Saturday, March 7, 2009
University of Virginia
An very interesting historical landmark. This University though planned by Thomas Jefferson sits on land that had been a farm owned by The 5th President, President Monroe. Monroe Hill is where his farm house was. The University's corner stone is dated 1819, and is designated as the only University in the world as a World Heritage Site.
The grounds are beautiful, the buildings most unique. A must see. Many historic plaques through out bare the names of students who served in every war. University of Virginia was the first to have a School of Engineering. Unlike other Universities, it remained open through out The Civil War, quite a feat considering the state of Virginia had more battles than any other state.

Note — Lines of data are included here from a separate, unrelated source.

(* Let $(M,g,J,\kappa)$ be an almost Kähler manifold. Assume that $$\widetilde R(Z,\overline Z,W,\overline W)=R(Z,\overline Z,W,\overline W)$$ for all complex vector fields $Z,W$ of type $(1,0)$ (equivalently, $\widetilde R(X,JX,Y,JY)=R(X,JX,Y,JY)$ for all real vector fields $X,Y$). Then $J$ is integrable, i.e. $(M,g,J,\kappa)$ is a Kähler manifold.
   Context: An almost Kähler manifold $(M,g,J,\kappa)$: $\kappa$ a symplectic form, $J$ an almost complex structure with $g(\cdot,\cdot)=\kappa(\cdot,J\cdot)$ a $J$-Hermitian Riemannian metric; Kähler means $J$ integrable. $\nabla$ is the Levi-Civita connection of $g$; the Hermitian connection is $\widetilde\nabla_XY=\nabla_XY-\tfrac12 J(\nabla_XJ)Y$. For a connection $D$, its curvature 4-tensor is $g(D_XD_YZ-D_YD_XZ-D_{[X,Y]}Z,W)$; $R,\widetilde R$ are those of $\nabla,\widetilde\nabla$, extended complex-multilinearly. Type $(1,0)$ means a section of the $+i$-eigenbundle of $J$ in $TM\otimes\mathbb C$. *)

theory Defs
  imports "HOL-Analysis.Analysis"
begin

text \<open>Local (chart) model: the manifold is an open set U in real^'n; tensor fields are
 given by their component fields. Vector fields are maps real^'n => real^'n.\<close>

definition pd :: "(real^'n::finite \<Rightarrow> real) \<Rightarrow> 'n \<Rightarrow> real^'n \<Rightarrow> real" where
  "pd f i x = frechet_derivative f (at x) (axis i 1)"

coinductive cinf :: "(real^'n::finite) set \<Rightarrow> (real^'n \<Rightarrow> real) \<Rightarrow> bool" for U where
  "(\<forall>x\<in>U. f differentiable (at x)) \<Longrightarrow> (\<forall>i. cinf U (pd f i)) \<Longrightarrow> cinf U f"

definition smooth_vf :: "(real^'n::finite) set \<Rightarrow> (real^'n \<Rightarrow> real^'n) \<Rightarrow> bool" where
  "smooth_vf U X = (\<forall>i. cinf U (\<lambda>x. X x $ i))"

definition smooth_mf :: "(real^'n::finite) set \<Rightarrow> (real^'n \<Rightarrow> real^'n^'n) \<Rightarrow> bool" where
  "smooth_mf U A = (\<forall>i j. cinf U (\<lambda>x. A x $ i $ j))"

definition bil :: "real^'n^'n \<Rightarrow> real^'n \<Rightarrow> real^'n \<Rightarrow> real" where
  "bil A u v = u \<bullet> (A *v v)"

definition christoffel ::
  "(real^'n::finite \<Rightarrow> real^'n^'n) \<Rightarrow> real^'n \<Rightarrow> real^'n \<Rightarrow> real^'n \<Rightarrow> real^'n" where
  "christoffel g p u v = matrix_inv (g p) *v (\<chi> l.
      (bil (frechet_derivative g (at p) u) v (axis l 1)
     + bil (frechet_derivative g (at p) v) u (axis l 1)
     - bil (frechet_derivative g (at p) (axis l 1)) u v) / 2)"

definition lc :: "(real^'n::finite \<Rightarrow> real^'n^'n) \<Rightarrow> (real^'n \<Rightarrow> real^'n) \<Rightarrow> (real^'n \<Rightarrow> real^'n)
    \<Rightarrow> real^'n \<Rightarrow> real^'n" where
  "lc g X Y p = frechet_derivative Y (at p) (X p) + christoffel g p (X p) (Y p)"

definition app :: "(real^'n::finite \<Rightarrow> real^'n^'n) \<Rightarrow> (real^'n \<Rightarrow> real^'n) \<Rightarrow> real^'n \<Rightarrow> real^'n" where
  "app J X = (\<lambda>p. J p *v X p)"

definition lie :: "(real^'n::finite \<Rightarrow> real^'n) \<Rightarrow> (real^'n \<Rightarrow> real^'n) \<Rightarrow> real^'n \<Rightarrow> real^'n" where
  "lie X Y p = frechet_derivative Y (at p) (X p) - frechet_derivative X (at p) (Y p)"

definition herm :: "(real^'n::finite \<Rightarrow> real^'n^'n) \<Rightarrow> (real^'n \<Rightarrow> real^'n^'n)
    \<Rightarrow> (real^'n \<Rightarrow> real^'n) \<Rightarrow> (real^'n \<Rightarrow> real^'n) \<Rightarrow> real^'n \<Rightarrow> real^'n" where
  "herm g J X Y p = lc g X Y p - (1/2) *\<^sub>R (J p *v (lc g X (app J Y) p - J p *v lc g X Y p))"

definition curv :: "(real^'n::finite \<Rightarrow> real^'n^'n)
    \<Rightarrow> ((real^'n \<Rightarrow> real^'n) \<Rightarrow> (real^'n \<Rightarrow> real^'n) \<Rightarrow> real^'n \<Rightarrow> real^'n)
    \<Rightarrow> (real^'n \<Rightarrow> real^'n) \<Rightarrow> (real^'n \<Rightarrow> real^'n) \<Rightarrow> (real^'n \<Rightarrow> real^'n) \<Rightarrow> (real^'n \<Rightarrow> real^'n)
    \<Rightarrow> real^'n \<Rightarrow> real" where
  "curv g D X Y Z W p = bil (g p) (D X (D Y Z) p - D Y (D X Z) p - D (lie X Y) Z p) (W p)"

definition nijenhuis :: "(real^'n::finite \<Rightarrow> real^'n^'n) \<Rightarrow> (real^'n \<Rightarrow> real^'n) \<Rightarrow> (real^'n \<Rightarrow> real^'n)
    \<Rightarrow> real^'n \<Rightarrow> real^'n" where
  "nijenhuis J X Y p = lie (app J X) (app J Y) p - J p *v lie (app J X) Y p
      - J p *v lie X (app J Y) p - lie X Y p"

definition integrable_acs :: "(real^'n::finite) set \<Rightarrow> (real^'n \<Rightarrow> real^'n^'n) \<Rightarrow> bool" where
  "integrable_acs U J = (\<forall>X Y. smooth_vf U X \<longrightarrow> smooth_vf U Y \<longrightarrow> (\<forall>p\<in>U. nijenhuis J X Y p = 0))"

definition almost_kahler :: "(real^'n::finite) set \<Rightarrow> (real^'n \<Rightarrow> real^'n^'n) \<Rightarrow> (real^'n \<Rightarrow> real^'n^'n)
    \<Rightarrow> (real^'n \<Rightarrow> real^'n^'n) \<Rightarrow> bool" where
  "almost_kahler U g J \<kappa> \<longleftrightarrow> open U \<and> smooth_mf U g \<and> smooth_mf U J \<and> smooth_mf U \<kappa> \<and>
    (\<forall>p\<in>U. J p ** J p = - mat 1) \<and>
    (\<forall>p\<in>U. transpose (\<kappa> p) = - \<kappa> p \<and> invertible (\<kappa> p)) \<and>
    (\<forall>p\<in>U. \<forall>i j k.
        frechet_derivative \<kappa> (at p) (axis i 1) $ j $ k
      + frechet_derivative \<kappa> (at p) (axis j 1) $ k $ i
      + frechet_derivative \<kappa> (at p) (axis k 1) $ i $ j = 0) \<and>
    (\<forall>p\<in>U. g p = \<kappa> p ** J p) \<and>
    (\<forall>p\<in>U. transpose (g p) = g p \<and> (\<forall>v. v \<noteq> 0 \<longrightarrow> bil (g p) v v > 0)) \<and>
    (\<forall>p\<in>U. transpose (J p) ** g p ** J p = g p)"

end

theory Submission
  imports Defs
begin

text \<open>
  Let \<open>\<nabla>\<close> be the Levi-Civita connection. Since \<open>\<kappa>\<close> is closed and \<open>\<nabla>\<close> is torsion free,
  the cyclic sum of \<open>\<nabla>\<kappa>\<close> vanishes; as \<open>g((\<nabla>\<^sub>x J) u, v) = (\<nabla>\<^sub>x \<kappa>)(u, v)\<close>, this
  gives the almost Kaehler identity \<open>\<nabla>\<^sub>J\<^sub>x J = - J \<nabla>\<^sub>x J\<close>.
  The Hermitian connection is \<open>\<nabla>\<^sub>X Y / 2 - J \<nabla>\<^sub>X (J Y) / 2\<close>, so its curvature is
  \<open>R(X,Y)Z / 2 - J R(X,Y)(J Z) / 2 - [\<nabla>\<^sub>X J, \<nabla>\<^sub>Y J] Z / 4\<close>, where
  \<open>[\<nabla>\<^sub>x J, \<nabla>\<^sub>J\<^sub>x J] = 2 J (\<nabla>\<^sub>x J)\<^sup>2\<close> by the identity above.
  Adding the hypothesis at \<open>(x, J x, y, J y)\<close> and at \<open>(x, J x, J y, - y)\<close>, the Riemannian
  terms cancel and what remains is \<open>|(\<nabla>\<^sub>x J) y|\<^sup>2 = 0\<close>. So \<open>\<nabla>J = 0\<close>, and with it
  the Nijenhuis tensor vanishes.
\<close>

section \<open>Componentwise differential calculus\<close>

lemma has_derivative_vec_nth_iff:
  fixes f :: "'a::real_normed_vector \<Rightarrow> 'b::euclidean_space^'n"
  shows "(f has_derivative f') (at p) \<longleftrightarrow> (\<forall>i. ((\<lambda>x. f x $ i) has_derivative (\<lambda>h. f' h $ i)) (at p))"
proof -
  have "(f has_derivative f') (at p) \<longleftrightarrow>
      (\<forall>i\<in>Basis. ((\<lambda>x. f x \<bullet> i) has_derivative (\<lambda>x. f' x \<bullet> i)) (at p))"
    using has_derivative_componentwise_within[of f f' p UNIV] by simp
  also have "\<dots> \<longleftrightarrow> (\<forall>i. \<forall>u\<in>Basis. ((\<lambda>x. f x $ i \<bullet> u) has_derivative (\<lambda>h. f' h $ i \<bullet> u)) (at p))"
    unfolding Basis_vec_def by (auto simp: inner_axis)
  also have "\<dots> \<longleftrightarrow> (\<forall>i. ((\<lambda>x. f x $ i) has_derivative (\<lambda>h. f' h $ i)) (at p))"
    using has_derivative_componentwise_within[of "\<lambda>x. f x $ _" "\<lambda>h. f' h $ _" p UNIV] by simp
  finally show ?thesis .
qed

lemma differentiable_vec_nth_iff:
  fixes f :: "'a::real_normed_vector \<Rightarrow> 'b::euclidean_space^'n"
  shows "f differentiable (at p) \<longleftrightarrow> (\<forall>i. (\<lambda>x. f x $ i) differentiable (at p))"
proof
  assume "f differentiable (at p)"
  then show "\<forall>i. (\<lambda>x. f x $ i) differentiable (at p)"
    by (auto simp: has_derivative_vec_nth_iff differentiable_def)
next
  assume "\<forall>i. (\<lambda>x. f x $ i) differentiable (at p)"
  then obtain F where "\<And>i. ((\<lambda>x. f x $ i) has_derivative F i) (at p)"
    unfolding differentiable_def by metis
  then have "(f has_derivative (\<lambda>h. \<chi> i. F i h)) (at p)"
    unfolding has_derivative_vec_nth_iff by simp
  then show "f differentiable (at p)" by (auto simp: differentiable_def)
qed

lemma frechet_derivative_vec_nth:
  fixes f :: "'a::real_normed_vector \<Rightarrow> 'b::euclidean_space^'n"
  assumes "f differentiable (at p)"
  shows "frechet_derivative f (at p) h $ i = frechet_derivative (\<lambda>x. f x $ i) (at p) h"
proof -
  have "((\<lambda>x. f x $ i) has_derivative (\<lambda>h. frechet_derivative f (at p) h $ i)) (at p)"
    using assms frechet_derivative_works has_derivative_vec_nth_iff by blast
  from frechet_derivative_at[OF this] show ?thesis by metis
qed

lemma frechet_derivative_mat_nth:
  fixes A :: "'a::real_normed_vector \<Rightarrow> real^'n^'m"
  assumes "A differentiable (at p)"
  shows "frechet_derivative A (at p) h $ i $ j = frechet_derivative (\<lambda>x. A x $ i $ j) (at p) h"
  using assms frechet_derivative_vec_nth differentiable_vec_nth_iff by metis

lemma frechet_derivative_cong_open:
  assumes "open U" "p \<in> U" "\<And>q. q \<in> U \<Longrightarrow> f q = g q"
  shows "frechet_derivative f (at p) = frechet_derivative g (at p)"
proof -
  have "(f has_derivative D) (at p) \<longleftrightarrow> (g has_derivative D) (at p)" for D
    using has_derivative_transform_within_open[OF _ assms(1,2), of f _ UNIV g]
      has_derivative_transform_within_open[OF _ assms(1,2), of g _ UNIV f] assms(3)
    by auto
  then show ?thesis unfolding frechet_derivative_def by simp
qed

lemma differentiable_transform_open:
  assumes "open U" "p \<in> U" "\<And>q. q \<in> U \<Longrightarrow> f q = g q" "f differentiable (at p)"
  shows "g differentiable (at p)"
  using has_derivative_transform_within_open[OF _ assms(1,2), of f _ UNIV g] assms(3,4)
  by (auto simp: differentiable_def)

General Custer marched into Charlotesville with his men, camped on the University's grounds for 4 days; but through the efforts of the schools faculty left without bloodshed and substantial damage to the University.
As with many historic buildings fire has damaged parts, and much has been rebuilt. The historic row, where the honor students dorms are; are built into the hillside. The design of the buildings, shape of windows etc. are very earth friendly.
To walk the grounds feels almost spirtual; soo many great men preceeded us.
A very impressive statue of Thomas Jefferson
The Greek Letters
The Green, currently the dorm area for only the very top students. Living in these quarters is considered quite an honor.
Very beautiful Rotunda.
History comes alive when you visit. Parking on campus streets can be a bit of challenge. Come prepared to walk.